■ TASK PROMPT ■
Transcribe the stretch of entries below from the line with "f(x_i) different from" through the line with "L z \<longleftrightarrow>", exactly and with both ends included; leave out all other lines.

■ DATASET RECORDS ■
· · · ·

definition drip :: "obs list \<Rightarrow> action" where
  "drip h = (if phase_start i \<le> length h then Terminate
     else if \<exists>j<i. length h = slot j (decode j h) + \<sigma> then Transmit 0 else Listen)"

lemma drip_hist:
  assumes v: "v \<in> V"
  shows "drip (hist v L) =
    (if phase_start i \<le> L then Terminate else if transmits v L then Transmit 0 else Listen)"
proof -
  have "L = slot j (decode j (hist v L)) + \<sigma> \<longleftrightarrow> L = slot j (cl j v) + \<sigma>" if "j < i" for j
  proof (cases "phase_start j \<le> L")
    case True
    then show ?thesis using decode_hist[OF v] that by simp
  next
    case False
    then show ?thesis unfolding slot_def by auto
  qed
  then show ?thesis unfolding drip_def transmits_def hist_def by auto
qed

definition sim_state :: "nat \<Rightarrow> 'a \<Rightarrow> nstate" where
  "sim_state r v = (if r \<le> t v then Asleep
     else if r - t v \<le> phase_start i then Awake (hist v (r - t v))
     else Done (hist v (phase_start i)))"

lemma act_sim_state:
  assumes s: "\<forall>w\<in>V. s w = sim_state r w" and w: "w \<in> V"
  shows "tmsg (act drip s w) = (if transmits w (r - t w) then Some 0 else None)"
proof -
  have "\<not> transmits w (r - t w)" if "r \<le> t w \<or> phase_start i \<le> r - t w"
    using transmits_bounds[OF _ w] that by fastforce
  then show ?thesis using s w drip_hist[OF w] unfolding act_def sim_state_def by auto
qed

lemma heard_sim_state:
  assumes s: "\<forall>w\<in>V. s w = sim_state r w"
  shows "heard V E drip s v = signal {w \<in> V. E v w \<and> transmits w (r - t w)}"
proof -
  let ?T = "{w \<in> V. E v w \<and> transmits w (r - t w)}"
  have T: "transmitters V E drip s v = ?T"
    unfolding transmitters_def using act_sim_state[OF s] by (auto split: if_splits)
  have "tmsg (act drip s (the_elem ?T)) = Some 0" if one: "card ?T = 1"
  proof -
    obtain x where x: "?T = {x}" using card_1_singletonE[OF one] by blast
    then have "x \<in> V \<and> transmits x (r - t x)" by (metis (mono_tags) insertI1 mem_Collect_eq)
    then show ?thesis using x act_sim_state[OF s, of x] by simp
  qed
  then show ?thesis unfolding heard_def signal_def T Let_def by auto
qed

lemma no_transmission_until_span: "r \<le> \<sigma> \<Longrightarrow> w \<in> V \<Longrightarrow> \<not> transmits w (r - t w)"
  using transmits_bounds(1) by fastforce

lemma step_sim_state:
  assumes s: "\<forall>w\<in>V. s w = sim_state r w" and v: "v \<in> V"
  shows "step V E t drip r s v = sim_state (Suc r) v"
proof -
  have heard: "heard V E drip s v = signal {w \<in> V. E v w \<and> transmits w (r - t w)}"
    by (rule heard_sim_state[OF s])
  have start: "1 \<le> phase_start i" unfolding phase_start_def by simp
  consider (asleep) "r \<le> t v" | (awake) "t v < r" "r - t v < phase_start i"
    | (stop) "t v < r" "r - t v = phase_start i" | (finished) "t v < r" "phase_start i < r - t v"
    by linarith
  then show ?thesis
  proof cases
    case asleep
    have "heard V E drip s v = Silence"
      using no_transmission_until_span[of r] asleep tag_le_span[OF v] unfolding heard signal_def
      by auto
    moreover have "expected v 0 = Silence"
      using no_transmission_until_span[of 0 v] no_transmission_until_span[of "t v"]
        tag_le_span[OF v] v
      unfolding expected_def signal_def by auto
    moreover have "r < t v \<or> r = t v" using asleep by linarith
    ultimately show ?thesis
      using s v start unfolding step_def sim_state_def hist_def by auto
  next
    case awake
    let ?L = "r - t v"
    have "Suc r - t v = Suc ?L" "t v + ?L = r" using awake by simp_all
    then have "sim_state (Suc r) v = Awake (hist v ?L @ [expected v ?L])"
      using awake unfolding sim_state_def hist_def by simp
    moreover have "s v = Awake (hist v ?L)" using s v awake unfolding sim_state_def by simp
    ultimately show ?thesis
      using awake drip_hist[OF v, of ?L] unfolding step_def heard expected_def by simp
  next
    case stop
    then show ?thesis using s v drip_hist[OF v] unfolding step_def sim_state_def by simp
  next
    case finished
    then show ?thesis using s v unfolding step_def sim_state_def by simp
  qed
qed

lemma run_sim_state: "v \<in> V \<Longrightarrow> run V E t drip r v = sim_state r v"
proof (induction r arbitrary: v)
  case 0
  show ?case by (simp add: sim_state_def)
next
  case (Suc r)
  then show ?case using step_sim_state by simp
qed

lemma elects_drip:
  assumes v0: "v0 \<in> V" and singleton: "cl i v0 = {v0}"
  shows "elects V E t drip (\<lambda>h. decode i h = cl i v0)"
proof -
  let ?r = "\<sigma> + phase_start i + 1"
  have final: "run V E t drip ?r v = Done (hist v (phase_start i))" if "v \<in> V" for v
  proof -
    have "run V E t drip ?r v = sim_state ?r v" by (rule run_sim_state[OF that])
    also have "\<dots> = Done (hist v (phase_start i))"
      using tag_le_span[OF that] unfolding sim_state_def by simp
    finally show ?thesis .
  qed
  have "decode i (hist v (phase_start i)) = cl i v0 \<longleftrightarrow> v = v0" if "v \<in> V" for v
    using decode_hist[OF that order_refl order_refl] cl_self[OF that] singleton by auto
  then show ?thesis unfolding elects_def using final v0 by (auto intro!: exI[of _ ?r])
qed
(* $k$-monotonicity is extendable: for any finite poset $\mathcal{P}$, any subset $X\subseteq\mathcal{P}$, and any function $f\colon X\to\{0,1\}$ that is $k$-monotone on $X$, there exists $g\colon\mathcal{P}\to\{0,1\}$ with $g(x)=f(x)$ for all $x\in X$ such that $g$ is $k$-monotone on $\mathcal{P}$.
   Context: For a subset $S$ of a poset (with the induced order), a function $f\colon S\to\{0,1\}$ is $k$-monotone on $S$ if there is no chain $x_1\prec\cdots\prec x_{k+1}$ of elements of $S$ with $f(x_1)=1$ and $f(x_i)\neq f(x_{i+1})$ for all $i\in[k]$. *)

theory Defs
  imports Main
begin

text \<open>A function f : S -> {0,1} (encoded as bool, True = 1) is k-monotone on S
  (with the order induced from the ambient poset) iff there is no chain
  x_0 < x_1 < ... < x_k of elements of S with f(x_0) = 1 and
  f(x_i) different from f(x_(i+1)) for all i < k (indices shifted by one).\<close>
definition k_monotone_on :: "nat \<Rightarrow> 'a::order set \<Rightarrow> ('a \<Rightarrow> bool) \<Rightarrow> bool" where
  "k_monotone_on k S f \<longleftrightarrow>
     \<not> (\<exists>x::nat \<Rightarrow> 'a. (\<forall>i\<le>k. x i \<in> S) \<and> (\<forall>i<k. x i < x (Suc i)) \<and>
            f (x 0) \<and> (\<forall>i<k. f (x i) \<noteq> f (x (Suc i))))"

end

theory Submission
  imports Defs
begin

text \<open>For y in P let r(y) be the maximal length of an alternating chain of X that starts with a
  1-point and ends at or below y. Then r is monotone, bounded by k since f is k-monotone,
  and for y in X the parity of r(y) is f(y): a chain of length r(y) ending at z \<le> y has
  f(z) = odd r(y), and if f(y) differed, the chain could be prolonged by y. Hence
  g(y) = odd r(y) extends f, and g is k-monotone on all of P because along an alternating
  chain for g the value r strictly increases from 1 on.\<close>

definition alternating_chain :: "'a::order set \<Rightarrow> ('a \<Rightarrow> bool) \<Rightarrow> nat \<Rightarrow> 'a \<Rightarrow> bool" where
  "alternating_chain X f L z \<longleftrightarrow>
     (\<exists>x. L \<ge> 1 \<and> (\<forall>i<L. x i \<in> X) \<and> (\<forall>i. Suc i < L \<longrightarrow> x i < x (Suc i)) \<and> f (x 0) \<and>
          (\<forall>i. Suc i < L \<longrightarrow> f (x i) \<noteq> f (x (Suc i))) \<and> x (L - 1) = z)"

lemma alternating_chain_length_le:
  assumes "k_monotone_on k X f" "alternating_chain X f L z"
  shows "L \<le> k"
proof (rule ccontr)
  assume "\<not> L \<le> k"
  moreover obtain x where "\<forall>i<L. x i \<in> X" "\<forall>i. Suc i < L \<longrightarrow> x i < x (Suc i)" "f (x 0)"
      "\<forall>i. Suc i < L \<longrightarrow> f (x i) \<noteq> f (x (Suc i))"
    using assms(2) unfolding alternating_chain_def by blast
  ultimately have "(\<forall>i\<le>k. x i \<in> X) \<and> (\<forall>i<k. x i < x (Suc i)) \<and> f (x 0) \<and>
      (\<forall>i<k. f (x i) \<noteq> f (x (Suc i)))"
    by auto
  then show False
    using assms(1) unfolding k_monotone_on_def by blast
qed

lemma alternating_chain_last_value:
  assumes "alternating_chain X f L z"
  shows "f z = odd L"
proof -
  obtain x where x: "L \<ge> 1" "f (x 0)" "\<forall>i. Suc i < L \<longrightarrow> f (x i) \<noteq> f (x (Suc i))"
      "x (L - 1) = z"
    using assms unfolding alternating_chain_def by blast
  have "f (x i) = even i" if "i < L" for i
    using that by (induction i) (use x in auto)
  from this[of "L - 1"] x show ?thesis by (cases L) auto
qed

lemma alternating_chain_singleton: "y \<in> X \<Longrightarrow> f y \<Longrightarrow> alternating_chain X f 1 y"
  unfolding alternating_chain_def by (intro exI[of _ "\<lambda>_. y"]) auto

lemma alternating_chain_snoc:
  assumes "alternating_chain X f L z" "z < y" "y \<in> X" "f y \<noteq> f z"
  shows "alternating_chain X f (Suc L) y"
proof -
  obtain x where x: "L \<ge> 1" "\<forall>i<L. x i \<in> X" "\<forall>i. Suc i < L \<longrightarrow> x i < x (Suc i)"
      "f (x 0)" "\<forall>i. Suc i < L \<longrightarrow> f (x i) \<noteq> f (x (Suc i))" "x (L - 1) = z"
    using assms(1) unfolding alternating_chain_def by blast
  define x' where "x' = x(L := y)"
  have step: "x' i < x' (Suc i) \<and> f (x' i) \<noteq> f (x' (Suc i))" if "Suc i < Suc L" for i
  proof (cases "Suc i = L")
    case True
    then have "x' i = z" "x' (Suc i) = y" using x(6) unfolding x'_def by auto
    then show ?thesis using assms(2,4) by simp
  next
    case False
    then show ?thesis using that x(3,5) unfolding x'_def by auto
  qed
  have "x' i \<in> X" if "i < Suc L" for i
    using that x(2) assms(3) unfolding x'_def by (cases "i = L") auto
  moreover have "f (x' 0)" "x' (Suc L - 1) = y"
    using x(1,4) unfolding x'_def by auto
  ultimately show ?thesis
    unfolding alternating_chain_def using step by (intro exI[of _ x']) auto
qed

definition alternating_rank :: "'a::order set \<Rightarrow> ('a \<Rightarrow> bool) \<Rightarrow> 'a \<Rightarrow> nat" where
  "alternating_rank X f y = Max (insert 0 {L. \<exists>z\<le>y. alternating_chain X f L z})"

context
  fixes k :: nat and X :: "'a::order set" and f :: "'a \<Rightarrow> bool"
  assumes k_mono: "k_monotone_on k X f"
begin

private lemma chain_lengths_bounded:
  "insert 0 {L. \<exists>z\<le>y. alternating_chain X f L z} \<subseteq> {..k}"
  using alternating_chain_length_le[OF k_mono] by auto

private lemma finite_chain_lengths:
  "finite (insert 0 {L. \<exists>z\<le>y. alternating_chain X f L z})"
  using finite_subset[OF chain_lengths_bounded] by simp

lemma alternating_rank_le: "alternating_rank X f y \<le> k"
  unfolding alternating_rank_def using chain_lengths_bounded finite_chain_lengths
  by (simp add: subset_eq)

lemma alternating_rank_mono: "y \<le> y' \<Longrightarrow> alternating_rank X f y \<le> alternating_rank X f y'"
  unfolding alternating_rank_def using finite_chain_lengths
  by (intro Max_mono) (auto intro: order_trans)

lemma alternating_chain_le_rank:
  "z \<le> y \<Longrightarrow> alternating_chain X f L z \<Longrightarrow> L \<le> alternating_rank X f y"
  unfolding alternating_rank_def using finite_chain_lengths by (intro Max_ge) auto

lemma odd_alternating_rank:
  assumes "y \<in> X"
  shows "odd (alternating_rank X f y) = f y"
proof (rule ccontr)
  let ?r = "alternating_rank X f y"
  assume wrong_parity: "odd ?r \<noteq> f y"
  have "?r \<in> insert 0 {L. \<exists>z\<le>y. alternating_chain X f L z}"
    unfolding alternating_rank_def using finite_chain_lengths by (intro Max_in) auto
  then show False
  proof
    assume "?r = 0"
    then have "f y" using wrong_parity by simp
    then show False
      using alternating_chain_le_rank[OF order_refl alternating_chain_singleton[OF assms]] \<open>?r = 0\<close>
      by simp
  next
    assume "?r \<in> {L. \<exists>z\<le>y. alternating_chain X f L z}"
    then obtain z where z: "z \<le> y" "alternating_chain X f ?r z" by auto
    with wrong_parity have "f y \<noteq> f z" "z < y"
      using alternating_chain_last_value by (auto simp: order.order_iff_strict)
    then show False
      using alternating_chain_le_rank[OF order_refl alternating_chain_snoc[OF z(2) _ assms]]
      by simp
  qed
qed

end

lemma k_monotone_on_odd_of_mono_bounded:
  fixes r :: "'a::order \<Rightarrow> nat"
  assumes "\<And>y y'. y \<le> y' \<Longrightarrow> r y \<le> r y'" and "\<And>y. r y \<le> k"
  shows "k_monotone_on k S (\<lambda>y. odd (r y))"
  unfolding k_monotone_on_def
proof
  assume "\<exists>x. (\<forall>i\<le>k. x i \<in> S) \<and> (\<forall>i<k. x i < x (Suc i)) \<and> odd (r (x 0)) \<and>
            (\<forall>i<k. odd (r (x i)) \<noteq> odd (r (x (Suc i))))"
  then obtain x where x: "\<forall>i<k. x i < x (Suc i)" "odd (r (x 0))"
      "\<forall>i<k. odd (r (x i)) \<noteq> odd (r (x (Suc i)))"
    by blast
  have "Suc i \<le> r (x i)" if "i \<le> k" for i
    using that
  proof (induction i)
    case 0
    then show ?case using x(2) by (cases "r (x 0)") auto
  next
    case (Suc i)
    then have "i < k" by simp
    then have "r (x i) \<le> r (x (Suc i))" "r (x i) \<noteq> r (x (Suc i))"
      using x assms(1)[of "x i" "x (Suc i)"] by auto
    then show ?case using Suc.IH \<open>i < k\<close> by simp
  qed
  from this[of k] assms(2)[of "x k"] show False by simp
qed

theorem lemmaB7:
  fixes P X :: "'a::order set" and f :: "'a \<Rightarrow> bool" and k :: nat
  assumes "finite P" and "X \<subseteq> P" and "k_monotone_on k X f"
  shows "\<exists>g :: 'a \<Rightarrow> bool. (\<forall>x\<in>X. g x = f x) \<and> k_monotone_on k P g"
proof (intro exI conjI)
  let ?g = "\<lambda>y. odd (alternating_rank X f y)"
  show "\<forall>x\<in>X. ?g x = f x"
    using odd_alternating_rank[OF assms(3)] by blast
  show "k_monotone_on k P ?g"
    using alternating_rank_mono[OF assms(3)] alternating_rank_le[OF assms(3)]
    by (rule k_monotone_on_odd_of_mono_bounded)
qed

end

· · · ·

■ REPLY TO THE TASK ■
  f(x_i) different from f(x_(i+1)) for all i < k (indices shifted by one).\<close>
definition k_monotone_on :: "nat \<Rightarrow> 'a::order set \<Rightarrow> ('a \<Rightarrow> bool) \<Rightarrow> bool" where
  "k_monotone_on k S f \<longleftrightarrow>
     \<not> (\<exists>x::nat \<Rightarrow> 'a. (\<forall>i\<le>k. x i \<in> S) \<and> (\<forall>i<k. x i < x (Suc i)) \<and>
            f (x 0) \<and> (\<forall>i<k. f (x i) \<noteq> f (x (Suc i))))"

end

theory Submission
  imports Defs
begin

text \<open>For y in P let r(y) be the maximal length of an alternating chain of X that starts with a
  1-point and ends at or below y. Then r is monotone, bounded by k since f is k-monotone,
  and for y in X the parity of r(y) is f(y): a chain of length r(y) ending at z \<le> y has
  f(z) = odd r(y), and if f(y) differed, the chain could be prolonged by y. Hence
  g(y) = odd r(y) extends f, and g is k-monotone on all of P because along an alternating
  chain for g the value r strictly increases from 1 on.\<close>

definition alternating_chain :: "'a::order set \<Rightarrow> ('a \<Rightarrow> bool) \<Rightarrow> nat \<Rightarrow> 'a \<Rightarrow> bool" where
  "alternating_chain X f L z \<longleftrightarrow>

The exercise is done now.